A() is not modifying nums to point at the new array. Even if it were, it is deleting the new array, so nums would end up pointing at invalid memory. You need to declare the arr parameter as a reference, and delete the old array instead of the new array:
void A(int** &arr)
{
int **resize;
resize = new int*[size*2];
for(int i = 0; i < size; i++)
resize[i] = new int(*arr[i]);
cout << endl;
delete[] arr;
arr = resize;
size *= 2;
}
For what you are attempting, I think you have too much indirection. Try removing a level:
#include <iostream>
using namespace std;
int *nums;
int size;
void A(int* &arr)
{
int *resize;
resize = new int[size*2];
for(int i = 0; i < size; i++)
resize[i] = arr[i];
cout << endl;
delete[] arr;
arr = resize;
size *= 2;
}
int main()
{
size = 10;
nums = new int[size];
for(int i = 0; i < size; i++)
nums[i] = i;
for(int i = 0; i < size; i++)
cout << nums[i] << endl;
A(nums);
cout << endl;
for(int i = (size / 2); i < size; i++)
nums[i] = i;
for(int i = 0; i < size; i++)
cout << nums[i] << endl;
delete[] nums;
}
Since you are using C++, you should be using a std::vector instead of a raw array, then you can eliminate A() altogether:
#include <iostream>
#include <vector>
using namespace std;
vector<int> nums;
int main()
{
nums.resize(10);
for(int i = 0; i < nums.size(); i++)
nums[i] = i;
for(int i = 0; i < nums.size(); i++)
cout << nums[i] << endl;
nums.resize(nums.size()*2);
cout << endl << endl;
for(int i = (nums.size() / 2); i < nums.size(); i++)
nums[i] = i;
for(int i = 0; i < nums.size(); i++)
cout << nums[i] << endl;
}
First of all, your function, A, does not resize anything.

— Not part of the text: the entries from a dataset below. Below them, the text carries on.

(* Let $(X,d)$ be a metric space. If $\operatorname{asdim}_{AN}(X,\log(1+d))\le n$, then $(X,d)$ has an $n$-dimensional control function which is a polynomial.
   Context: For $s>0$, an $s$-scale chain between points $x,y$ of a metric space is a finite sequence $x=x_0,\dots,x_m=y$ with $d(x_i,x_{i+1})<s$. The $s$-scale connected components of a subset $U$ are the classes of the relation "joined by an $s$-scale chain inside $U$". A nondecreasing $D\colon\mathbb{R}_+\to\mathbb{R}_+$ is an $n$-dimensional control function of $X$ if for every $s>0$ there is a cover $\{\mathcal U_0,\dots,\mathcal U_n\}$ of $X$ such that the $s$-scale connected components of each $\mathcal U_i$ have diameter at most $D(s)$. $\operatorname{asdim}_{AN}(X,d)\le n$ means $X$ has an $n$-dimensional control function of the form $D(s)=Cs+k$ with constants $C>0$, $k\in\mathbb{R}$. $\log(1+d)$ denotes the metric $(x,y)\mapsto\log(1+d(x,y))$. *)

theory Defs
  imports "HOL-Analysis.Analysis" "HOL-Computational_Algebra.Polynomial"
begin

definition scale_chain ::
  "('a \<Rightarrow> 'a \<Rightarrow> real) \<Rightarrow> real \<Rightarrow> 'a set \<Rightarrow> 'a \<Rightarrow> 'a \<Rightarrow> bool" where
  "scale_chain d s U x y \<longleftrightarrow>
     (\<exists>xs::'a list. xs \<noteq> [] \<and> hd xs = x \<and> last xs = y \<and> set xs \<subseteq> U \<and>
        (\<forall>i. Suc i < length xs \<longrightarrow> d (xs ! i) (xs ! Suc i) < s))"

definition scale_components ::
  "('a \<Rightarrow> 'a \<Rightarrow> real) \<Rightarrow> real \<Rightarrow> 'a set \<Rightarrow> 'a set set" where
  "scale_components d s U = {{y. scale_chain d s U x y} | x. x \<in> U}"

definition diam_le :: "('a \<Rightarrow> 'a \<Rightarrow> real) \<Rightarrow> 'a set \<Rightarrow> real \<Rightarrow> bool" where
  "diam_le d C r \<longleftrightarrow> (\<forall>x\<in>C. \<forall>y\<in>C. d x y \<le> r)"

definition control_cover ::
  "'a set \<Rightarrow> ('a \<Rightarrow> 'a \<Rightarrow> real) \<Rightarrow> nat \<Rightarrow> (real \<Rightarrow> real) \<Rightarrow> bool" where
  "control_cover X d n D \<longleftrightarrow>
     (\<forall>s>0. \<exists>U :: nat \<Rightarrow> 'a set. (\<Union>i\<le>n. U i) = X \<and>
        (\<forall>i\<le>n. \<forall>C\<in>scale_components d s (U i). diam_le d C (D s)))"

definition control_function ::
  "'a set \<Rightarrow> ('a \<Rightarrow> 'a \<Rightarrow> real) \<Rightarrow> nat \<Rightarrow> (real \<Rightarrow> real) \<Rightarrow> bool" where
  "control_function X d n D \<longleftrightarrow>
     mono_on {0..} D \<and> (\<forall>s\<ge>0. D s \<ge> 0) \<and> control_cover X d n D"

text \<open>asdim_AN (X,d) \<le> n: a control function of the form D(s) = C s + k, C > 0, k real.
  (Since k may be negative, the codomain requirement R_+ is not imposed here.)\<close>
definition asdim_AN_le :: "'a set \<Rightarrow> ('a \<Rightarrow> 'a \<Rightarrow> real) \<Rightarrow> nat \<Rightarrow> bool" where
  "asdim_AN_le X d n \<longleftrightarrow>
     (\<exists>C k. C > 0 \<and> control_cover X d n (\<lambda>s. C * s + k))"

end

theory Submission
  imports Defs
begin

(* Write e = ln(1 + d).  Since u \<mapsto> ln(1 + u) is strictly increasing on
   [0, \<infinity>), an e-chain at scale ln(1 + t) is the same as a d-chain at scale t, so the
   s-scale components for e at s = ln(1 + t) are exactly the t-scale components for d,
   and e-diameter \<le> r means d-diameter \<le> exp r - 1.  Hence a control function D for e
   yields the control function t \<mapsto> exp (D (ln (1 + t))) - 1 for d.  For the linear
   D(s) = C s + k this equals exp k * (1 + t) powr C - 1, which is dominated by the
   polynomial exp k * (1 + t)^N with N = \<lceil>C\<rceil>; that polynomial is nonnegative and
   nondecreasing on [0, \<infinity>), and enlarging a control function preserves the covering
   property.  The file proves these facts in this order and combines them at the end. *)

text \<open>Scale chains only depend on which pairs are closer than the scale, so they are
  unchanged by any reparametrization of the distance that preserves this comparison.\<close>
lemma scale_chain_cong_dist:
  assumes "\<And>x y. e x y < s \<longleftrightarrow> d x y < t"
  shows "scale_chain e s U = scale_chain d t U"
  using assms unfolding scale_chain_def by (simp add: fun_eq_iff)

lemma scale_components_cong_dist:
  assumes "\<And>x y. e x y < s \<longleftrightarrow> d x y < t"
  shows "scale_components e s U = scale_components d t U"
  unfolding scale_components_def scale_chain_cong_dist[OF assms] ..

lemma scale_components_ln1p:
  assumes nonneg: "\<And>x y. 0 \<le> d x y" and "t > 0"
  shows "scale_components (\<lambda>x y. ln (1 + d x y)) (ln (1 + t)) U = scale_components d t U"
  by (rule scale_components_cong_dist) (use nonneg \<open>t > 0\<close> in \<open>simp add: add_pos_nonneg\<close>)

lemma diam_le_ln1p:
  assumes nonneg: "\<And>x y. 0 \<le> d x y"
    and "diam_le (\<lambda>x y. ln (1 + d x y)) C r"
  shows "diam_le d C (exp r - 1)"
  unfolding diam_le_def
proof (intro ballI)
  fix x y assume "x \<in> C" "y \<in> C"
  then have "ln (1 + d x y) \<le> r" using assms(2) unfolding diam_le_def by blast
  then have "exp (ln (1 + d x y)) \<le> exp r" by simp
  then show "d x y \<le> exp r - 1" using nonneg[of x y] by simp
qed

lemma control_cover_ln1p:
  assumes nonneg: "\<And>x y. 0 \<le> d x y"
    and cover: "control_cover X (\<lambda>x y. ln (1 + d x y)) n D"
  shows "control_cover X d n (\<lambda>t. exp (D (ln (1 + t))) - 1)"
  unfolding control_cover_def
proof (intro allI impI)
  fix t :: real assume "t > 0"
  then have "ln (1 + t) > 0" by simp
  then obtain U where union: "(\<Union>i\<le>n. U i) = X"
    and diam: "\<forall>i\<le>n. \<forall>C\<in>scale_components (\<lambda>x y. ln (1 + d x y)) (ln (1 + t)) (U i).
                 diam_le (\<lambda>x y. ln (1 + d x y)) C (D (ln (1 + t)))"
    using cover unfolding control_cover_def by blast
  have "\<forall>i\<le>n. \<forall>C\<in>scale_components d t (U i). diam_le d C (exp (D (ln (1 + t))) - 1)"
    using diam diam_le_ln1p[of d, OF nonneg]
    unfolding scale_components_ln1p[OF nonneg \<open>t > 0\<close>] by blast
  with union show "\<exists>U. (\<Union>i\<le>n. U i) = X \<and>
      (\<forall>i\<le>n. \<forall>C\<in>scale_components d t (U i). diam_le d C (exp (D (ln (1 + t))) - 1))"
    by blast
qed

lemma control_cover_mono:
  assumes cover: "control_cover X d n D" and le: "\<And>s. s > 0 \<Longrightarrow> D s \<le> E s"
  shows "control_cover X d n E"
  unfolding control_cover_def
proof (intro allI impI)
  fix s :: real assume "s > 0"
  then obtain U where "(\<Union>i\<le>n. U i) = X"
    and "\<forall>i\<le>n. \<forall>C\<in>scale_components d s (U i). diam_le d C (D s)"
    using cover unfolding control_cover_def by blast
  moreover have "diam_le d C (D s) \<Longrightarrow> diam_le d C (E s)" for C
    using le[OF \<open>s > 0\<close>] unfolding diam_le_def by fastforce
  ultimately show "\<exists>U. (\<Union>i\<le>n. U i) = X \<and>
      (\<forall>i\<le>n. \<forall>C\<in>scale_components d s (U i). diam_le d C (E s))"
    by blast
qed

lemma exp_linear_ln1p_le_power:
  fixes t C k :: real
  assumes "t \<ge> 0" and "C \<le> real N"
  shows "exp (C * ln (1 + t) + k) - 1 \<le> exp k * (1 + t) ^ N"
proof -
  have "exp (C * ln (1 + t) + k) = exp k * (1 + t) powr C"
    using assms(1) by (simp add: powr_def exp_add mult.commute)
  also have "\<dots> \<le> exp k * (1 + t) powr real N"
    using assms by (intro mult_left_mono powr_mono) auto
  also have "\<dots> = exp k * (1 + t) ^ N"
    using assms(1) by (simp add: powr_realpow)
  finally show ?thesis by simp
qed

lemma poly_scaled_power_1p:
  "poly (smult c ([:1, 1:] ^ N)) t = c * (1 + t) ^ N"
  by (simp add: algebra_simps)

lemma scaled_power_1p_mono_nonneg:
  fixes c :: real
  assumes "c \<ge> 0"
  shows "mono_on {0..} (\<lambda>t. c * (1 + t) ^ N)" and "\<forall>t\<ge>0. c * (1 + t) ^ N \<ge> 0"
  using assms by (auto intro!: mono_onI mult_left_mono power_mono)

theorem corollary2p4:
  fixes X :: "'a set" and d :: "'a \<Rightarrow> 'a \<Rightarrow> real" and n :: nat
  assumes "Metric_space X d"
    and "asdim_AN_le X (\<lambda>x y. ln (1 + d x y)) n"
  shows "\<exists>p :: real poly. control_function X d n (poly p)"
proof -
  have nonneg: "\<And>x y. 0 \<le> d x y" using Metric_space.nonneg[OF assms(1)] by blast
  obtain C k where cover_ln: "control_cover X (\<lambda>x y. ln (1 + d x y)) n (\<lambda>s. C * s + k)"
    using assms(2) unfolding asdim_AN_le_def by blast
  define N where "N = nat \<lceil>C\<rceil>"
  have "C \<le> real N" unfolding N_def by linarith
  define p where "p = smult (exp k) ([:1, 1:] ^ N)"
  have poly_p: "poly p = (\<lambda>t. exp k * (1 + t) ^ N)"
    unfolding p_def poly_scaled_power_1p ..
  have "control_cover X d n (poly p)"
  proof (rule control_cover_mono[OF control_cover_ln1p[OF nonneg cover_ln]])
    fix t :: real assume "t > 0"
    then show "exp (C * ln (1 + t) + k) - 1 \<le> poly p t"
      unfolding poly_p using exp_linear_ln1p_le_power \<open>C \<le> real N\<close> by simp
  qed
  moreover have "mono_on {0..} (poly p)" and "\<forall>t\<ge>0. poly p t \<ge> 0"
    unfolding poly_p using scaled_power_1p_mono_nonneg[of "exp k" N] by simp_all
  ultimately show ?thesis
    unfolding control_function_def by blast
qed

end
lemma releq_lam_gen_letter_scal:
  assumes valid: "valid_word M I (u @ (j, x) # v)"
  shows "lam_gen M i T (c, u @ (j, lact (M j) (sc z) x) # v) \<approx>
    fscal z (lam_gen M i T (c, u @ (j, x) # v))"
proof (cases "u = [] \<and> j = i")
  case True
  have x: "x \<in> carr (M i)"
    using valid True by (simp add: valid_word_Cons)
  have \<eta>: "lact (M i) c x \<in> carr (M i)"
    using bimodule_lact[OF bimodule_Mi x] .
  have "c * sc z = sc z * c"
    using complex_alg unfolding complex_alg_def by simp
  then have central: "lact (M i) c (lact (M i) (sc z) x) = lact (M i) (sc z) (lact (M i) c x)"
    by (metis bimodule_lact_mult[OF bimodule_Mi x])
  have "valid_word M I ((i, snd (T (0, lact (M i) c x))) # v)"
    using valid True T_carr[OF \<eta>] by (simp add: valid_word_Cons)
  from releq_lam_out_scal[OF this] show ?thesis
    using True by (simp add: lam_gen_head central LXi_lact_Xring[OF bimodule_Mi T_in_LXi \<eta>])
next
  case False
  then obtain r u' where "\<And>z t'. lam_gen M i T (c, u @ (j, z) # t') = lam_out i r (u' @ (j, z) # t')"
    and "valid_word M I ((i, snd r) # u' @ (j, x) # v)"
    using lam_gen_inner[OF valid] by blast
  with releq_lam_out_letter_scal show ?thesis by simp
qed
lemma sigma_star_laplacian_eq:
  assumes affine: "affine_along_edges c' g"
  shows "sigma_star (laplacian G g) = laplacian G' c'"
proof
  fix x
  show "sigma_star (laplacian G g) x = laplacian G' c' x"
  proof (cases "x \<in> verts G'")
    case True
    then consider u where "x = Inl u" "u \<in> verts G"
      | e i where "x = Inr (e,i)" "e \<in> edges G" "1 \<le> i" "i \<le> K e"
      by (auto simp: verts_subdivide)
    then show ?thesis
      by cases (simp_all add: sigma_star_def laplacian_subdivide_Inl_affine[OF affine]
          laplacian_subdivide_Inr_affine[OF affine])
  next
    case False
    then show ?thesis
      using laplacian_outside[OF False] laplacian_outside[of _ G] Inl_in_verts_iff
      by (cases x) (auto simp: sigma_star_def)
  qed
qed

lemma sigma_star_Div: "F \<in> Div G \<Longrightarrow> (sigma_star F :: 'v + 'e \<times> nat \<Rightarrow> int) \<in> Div G'"
  unfolding Div_def sigma_star_def by (auto simp: subdivide_def split: sum.splits)

lemma deg_subdivide_old_support:
  assumes "\<forall>w. w \<notin> Inl ` verts G \<longrightarrow> X w = 0"
  shows "deg G' X = (\<Sum>u\<in>verts G. X (Inl u))"
proof -
  have "deg G' X = (\<Sum>w\<in>Inl ` verts G. X w)"
    unfolding deg_def using assms finite_verts_subdivide
    by (intro sum.mono_neutral_right) (auto simp: verts_subdivide)
  also have "\<dots> = (\<Sum>u\<in>verts G. X (Inl u))" by (simp add: sum.reindex)
  finally show ?thesis .
qed

lemma deg_sigma_star:
  assumes "F \<in> Div G"
  shows "deg G' (sigma_star F) = deg G F"
proof -
  have "\<forall>w. w \<notin> Inl ` verts G \<longrightarrow> sigma_star F w = 0"
    using assms unfolding Div_def sigma_star_def by (auto split: sum.splits)
  from deg_subdivide_old_support[OF this] show ?thesis unfolding deg_def sigma_star_def by simp
qed

lemma has_effective_equiv_new_vertex:
  assumes ll: "loopless G" and Q: "Q \<in> Div G'" and x: "x \<in> verts G'"
    and old: "\<And>y. y \<in> Inl ` verts G \<Longrightarrow> has_effective_equiv G' (\<lambda>w. Q w - indicator {y} w)"
  shows "has_effective_equiv G' (\<lambda>w. Q w - indicator {x} w)"
proof (cases "x \<in> Inl ` verts G")
  case False
  then obtain e i where e: "e \<in> edges G" and i: "1 \<le> i" "i \<le> K e" and xi: "x = pt e i"
    using x pt_interior by (auto simp: verts_subdivide)
  have "fst (ends G e) \<noteq> snd (ends G e)" using ll e unfolding loopless_def by auto
  then interpret edge_path: degree_two_path G' "pt e" "\<lambda>i. (e,i)" "K e"
    by (rule degree_two_path_subdivided_edge[OF e])
  have "has_effective_equiv G' (\<lambda>w. Q w - indicator {pt e 0} w)"
    "has_effective_equiv G' (\<lambda>w. Q w - indicator {pt e (Suc (K e))} w)"
    using old ends_in_verts[OF e] by (simp_all add: pt_0 pt_last)
  then show ?thesis
    unfolding xi by (rule edge_path.has_effective_equiv_interior[OF i Q])
qed (use old in blast)
(* With $\Phi^{\cdot}:\mathcal{B}^{\cdot}\to K^{\cdot}$ as below, let $\tilde\Phi^{\cdot}$ be the composite of $\Phi^{\cdot}$ with restriction to the diagonal, $K^{-q}|_\Delta\cong\Omega^q_U$ (identifying $e^i|_\Delta$ with $dz^i$). Then for every $q\ge1$ and $f_0,\dots,f_{q+1}\in A$, $$\tilde\Phi^{-q}(f_0\otimes\cdots\otimes f_{q+1})=\frac{1}{q!}\,f_0(z)f_{q+1}(z)\,df_1\wedge\cdots\wedge df_q .$$
   Context: $U$ is a Stein open set with global holomorphic coordinates $z^1,\dots,z^n$, $A=\Gamma(U,\mathcal{O})$. On $U\times U$ use coordinates $(z,\zeta)$, $z=p_1^*z$, $\zeta=p_2^*z$. Bar complex: $\mathcal{B}^{-q}(A)=A^{\otimes(q+2)}$ over $\mathbb{C}$, with $\partial(f_0\otimes\cdots\otimes f_{q+1})=\sum_{i=0}^{q}(-1)^i f_0\otimes\cdots\otimes f_if_{i+1}\otimes\cdots\otimes f_{q+1}$. Koszul complex: $K^{-q}=\Lambda^q(\bigoplus_{i=1}^n\mathcal{O}_{U\times U}e^i)$, $d_K$ = contraction with $\sum_i(z^i-\zeta^i)\check e^i$. Homotopy $P(fe^I)=\sum_{j}\Big(\int_0^1t^{|I|}\frac{\partial f}{\partial z^j}(\zeta+t(z-\zeta),\zeta)dt\Big)e^j\wedge e^I$. $\Phi^{\cdot}$ is the $A^e$-linear map with $\Phi^0(f_0\otimes f_1)=f_0(z)f_1(\zeta)$ and $\Phi^{-q}(f_0\otimes\cdots\otimes f_{q+1})=f_0(z)\{P\Phi^{-(q-1)}(\partial(1\otimes f_1\otimes\cdots\otimes f_q\otimes 1))\}f_{q+1}(\zeta)$ for $1\le q\le n$, $\Phi^{-q}=0$ for $q>n$. *)

theory Defs
  imports "HOL-Analysis.Analysis"
begin

text \<open>Points of C^n are vectors complex^'n; the index type 'n carries a linear order,
 which plays the role of the ordering 1 < ... < n of the coordinates z^1,...,z^n.
 A (mixed-degree) element of the Koszul complex on U x U is given by its coefficients
 on the basis e^I = e^{i_1} wedge ... wedge e^{i_k} (i_1 < ... < i_k), I a set of indices;
 a differential form on U likewise by its coefficients on dz^I.\<close>

type_synonym 'n kform = "'n set \<Rightarrow> complex^'n \<Rightarrow> complex^'n \<Rightarrow> complex"
type_synonym 'n dform = "'n set \<Rightarrow> complex^'n \<Rightarrow> complex"

definition holo_on :: "(complex^'n) set \<Rightarrow> (complex^'n \<Rightarrow> complex) \<Rightarrow> bool" where
  "holo_on U f \<longleftrightarrow> (\<forall>z\<in>U. \<exists>L. (f has_derivative L) (at z) \<and>
                        (\<forall>(c::complex) v. L (c *s v) = c * L v))"

definition holo_hull :: "(complex^'n) set \<Rightarrow> (complex^'n) set \<Rightarrow> (complex^'n) set" where
  "holo_hull U K = {x\<in>U. \<forall>f. holo_on U f \<longrightarrow> (\<exists>y\<in>K. norm (f x) \<le> norm (f y))}"

definition stein :: "(complex^'n) set \<Rightarrow> bool" where
  "stein U \<longleftrightarrow> open U \<and> (\<forall>K. compact K \<and> K \<subseteq> U \<longrightarrow> compact (holo_hull U K))"

definition pz :: "'n \<Rightarrow> (complex^'n \<Rightarrow> complex^'n \<Rightarrow> complex) \<Rightarrow> complex^'n \<Rightarrow> complex^'n \<Rightarrow> complex" where
  "pz j F z w = deriv (\<lambda>c. F (\<chi> k. if k = j then c else z$k) w) (z$j)"

definition pd :: "'n \<Rightarrow> (complex^'n \<Rightarrow> complex) \<Rightarrow> complex^'n \<Rightarrow> complex" where
  "pd i f z = deriv (\<lambda>c. f (\<chi> k. if k = i then c else z$k)) (z$i)"

text \<open>Sign: e^j wedge e^I = wsign j I * e^(insert j I) for j not in I.\<close>
definition wsign :: "'n::linorder \<Rightarrow> 'n set \<Rightarrow> complex" where
  "wsign j I = (-1) ^ card {i\<in>I. i < j}"

definition KP :: "('n::{finite,linorder}) kform \<Rightarrow> 'n kform" where
  "KP \<omega> J z w = (\<Sum>j\<in>J. wsign j (J - {j}) *
      integral {0..1::real} (\<lambda>t. complex_of_real (t ^ card (J - {j})) *
          pz j (\<omega> (J - {j})) (w + t *\<^sub>R (z - w)) w))"

text \<open>Bar differential on a pure tensor f_0 x ... x f_{q+1} (list of length q+2):
  list of (sign, pure tensor) summands.\<close>
definition bar_d :: "('a \<Rightarrow> complex) list \<Rightarrow> (complex \<times> ('a \<Rightarrow> complex) list) list" where
  "bar_d fs = map (\<lambda>i. ((-1) ^ i,
       take i fs @ [(\<lambda>x. (fs!i) x * (fs!(i+1)) x)] @ drop (i+2) fs)) [0..<length fs - 1]"

text \<open>Phi q fs = Phi^{-q}(f_0 x ... x f_{q+1}), fs = [f_0,...,f_{q+1}].\<close>
primrec Phi :: "nat \<Rightarrow> (complex^('n::{finite,linorder}) \<Rightarrow> complex) list \<Rightarrow> 'n kform" where
  "Phi 0 fs = (\<lambda>J z w. if J = {} then (fs!0) z * (fs!1) w else 0)"
| "Phi (Suc q) fs =
     (if CARD('n) < Suc q then (\<lambda>J z w. 0)
      else (\<lambda>J z w. (fs!0) z *
              KP (\<lambda>I x y. sum_list (map (\<lambda>(s, gs). s * Phi q gs I x y)
                      (bar_d ([\<lambda>_. 1] @ take (Suc q) (drop 1 fs) @ [\<lambda>_. 1])))) J z w
              * (fs!(Suc q + 1)) w))"

definition Phi_tilde :: "nat \<Rightarrow> (complex^('n::{finite,linorder}) \<Rightarrow> complex) list \<Rightarrow> 'n dform" where
  "Phi_tilde q fs J z = Phi q fs J z z"

definition dfun :: "(complex^'n \<Rightarrow> complex) \<Rightarrow> 'n dform" where
  "dfun f J z = (if card J = 1 then pd (the_elem J) f z else 0)"

definition shuffle_sign :: "'n::linorder set \<Rightarrow> 'n set \<Rightarrow> complex" where
  "shuffle_sign I J = (-1) ^ card {(i, j). i \<in> I \<and> j \<in> J \<and> j < i}"

definition wedge :: "('n::{finite,linorder}) dform \<Rightarrow> 'n dform \<Rightarrow> 'n dform" where
  "wedge \<alpha> \<beta> K z = (\<Sum>I\<in>Pow K. shuffle_sign I (K - I) * \<alpha> I z * \<beta> (K - I) z)"

definition form_one :: "'n dform" where
  "form_one J z = (if J = {} then 1 else 0)"

definition dwedge :: "(complex^('n::{finite,linorder}) \<Rightarrow> complex) list \<Rightarrow> 'n dform" where
  "dwedge fs = foldr wedge (map dfun fs) form_one"

end

theory Submission
  imports Defs "HOL-Complex_Analysis.Cauchy_Integral_Formula"
begin

(* On the diagonal the homotopy P divides by the degree: since the integral of t^|I| over
   [0,1] is 1/(|I|+1), the e^J-coefficient of P w at (z,z) is that of d_x w divided by |J|,
   where d_x is the exterior derivative in the first variable. Moreover d_x (P w) vanishes on
   the diagonal: its coefficients are sums of mixed partials d_j d_l weighted by signs that are
   antisymmetric in (j,l). In the bar differential of 1 (x) f_1 (x) ... (x) f_q (x) 1 only the
   first summand has a non-constant first factor, so by the Leibniz rule and induction on q,
   d_x Phi^(-(q-1)) of it is df_1 ^ ... ^ df_q / (q-1)! on the diagonal; dividing by |J| = q
   gives 1/q!. The analytic input is that all coefficients stay continuous and separately
   holomorphic, a class closed under partial derivatives (Cauchy's formula on a circle,
   differentiated under the integral sign) in which mixed partials commute. *)

section \<open>Coordinate updates and separately holomorphic functions\<close>

definition coord_upd :: "complex^'n \<Rightarrow> 'n \<Rightarrow> complex \<Rightarrow> complex^'n" where
  "coord_upd y k c = (\<chi> i. if i = k then c else y$i)"

lemma coord_upd_nth [simp]: "coord_upd y k c $ i = (if i = k then c else y$i)"
  by (simp add: coord_upd_def)

lemma coord_upd_self [simp]: "coord_upd y k (y$k) = y"
  by (simp add: vec_eq_iff)

lemma coord_upd_upd [simp]: "coord_upd (coord_upd y k c) k d = coord_upd y k d"
  by (simp add: vec_eq_iff)

lemma coord_upd_commute: "j \<noteq> k \<Longrightarrow> coord_upd (coord_upd y j c) k d = coord_upd (coord_upd y k d) j c"
  by (simp add: vec_eq_iff)

lemma coord_upd_eq_add_axis: "coord_upd y k c = y + axis k (c - y$k)"
  by (simp add: vec_eq_iff axis_def)

lemma norm_axis_complex: "norm (axis k (c::complex)) = norm c"
  by (simp add: norm_vec_def axis_def L2_set_def sum.delta' if_distrib[of "\<lambda>x. (norm x)^2"] cong: if_cong)

lemma dist_coord_upd_self: "dist (coord_upd y k c) y = cmod (c - y$k)"
  by (simp add: coord_upd_eq_add_axis dist_norm norm_axis_complex)

lemma continuous_on_coord_upd [continuous_intros]:
  assumes "continuous_on S f" "continuous_on S g"
  shows "continuous_on S (\<lambda>x. coord_upd (f x) k (g x))"
  unfolding coord_upd_def
proof (rule continuous_on_vec_lambda)
  show "continuous_on S (\<lambda>x. if i = k then g x else f x $ i)" for i
    using assms by (cases "i = k") (auto intro: continuous_intros)
qed

lemma open_coord_upd_preimage: "open B \<Longrightarrow> open {c. coord_upd y k c \<in> B}"
  using continuous_on_coord_upd[OF continuous_on_const continuous_on_id, of UNIV y k]
  by (simp add: continuous_on_open_vimage vimage_def)

lemma pd_eq_deriv_coord_upd: "pd k h y = deriv (\<lambda>c. h (coord_upd y k c)) (y$k)"
  by (simp add: pd_def coord_upd_def)

lemma pd_eqI: "((\<lambda>c. f (coord_upd y j c)) has_field_derivative D) (at (y$j)) \<Longrightarrow> pd j f y = D"
  by (simp add: pd_eq_deriv_coord_upd DERIV_imp_deriv)

text \<open>Continuity together with holomorphy in each coordinate separately (by Osgood's lemma,
  just holomorphy) is the form of regularity that the Cauchy-formula arguments below propagate.\<close>

definition sep_holomorphic_on :: "(complex^'n) set \<Rightarrow> (complex^'n \<Rightarrow> complex) \<Rightarrow> bool" where
  "sep_holomorphic_on B h \<longleftrightarrow> continuous_on B h \<and>
     (\<forall>y\<in>B. \<forall>k. (\<lambda>c. h (coord_upd y k c)) holomorphic_on {c. coord_upd y k c \<in> B})"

It prints a newline character to standard output, it multiplies the global size variable by 2, and then it leaks some memory. That's it.
Now, because it multiplies size by 2 (going from 10, to 20), you run into a problem, here:
for(int i = (size / 2); i < size; i++)
nums[i] = new int(i);
Here, you are trying to access elements 10 through 19 of the array which nums points to. But the array which nums points to only has 10 elements (numbered 0 through 9), so your code has undefined behavior.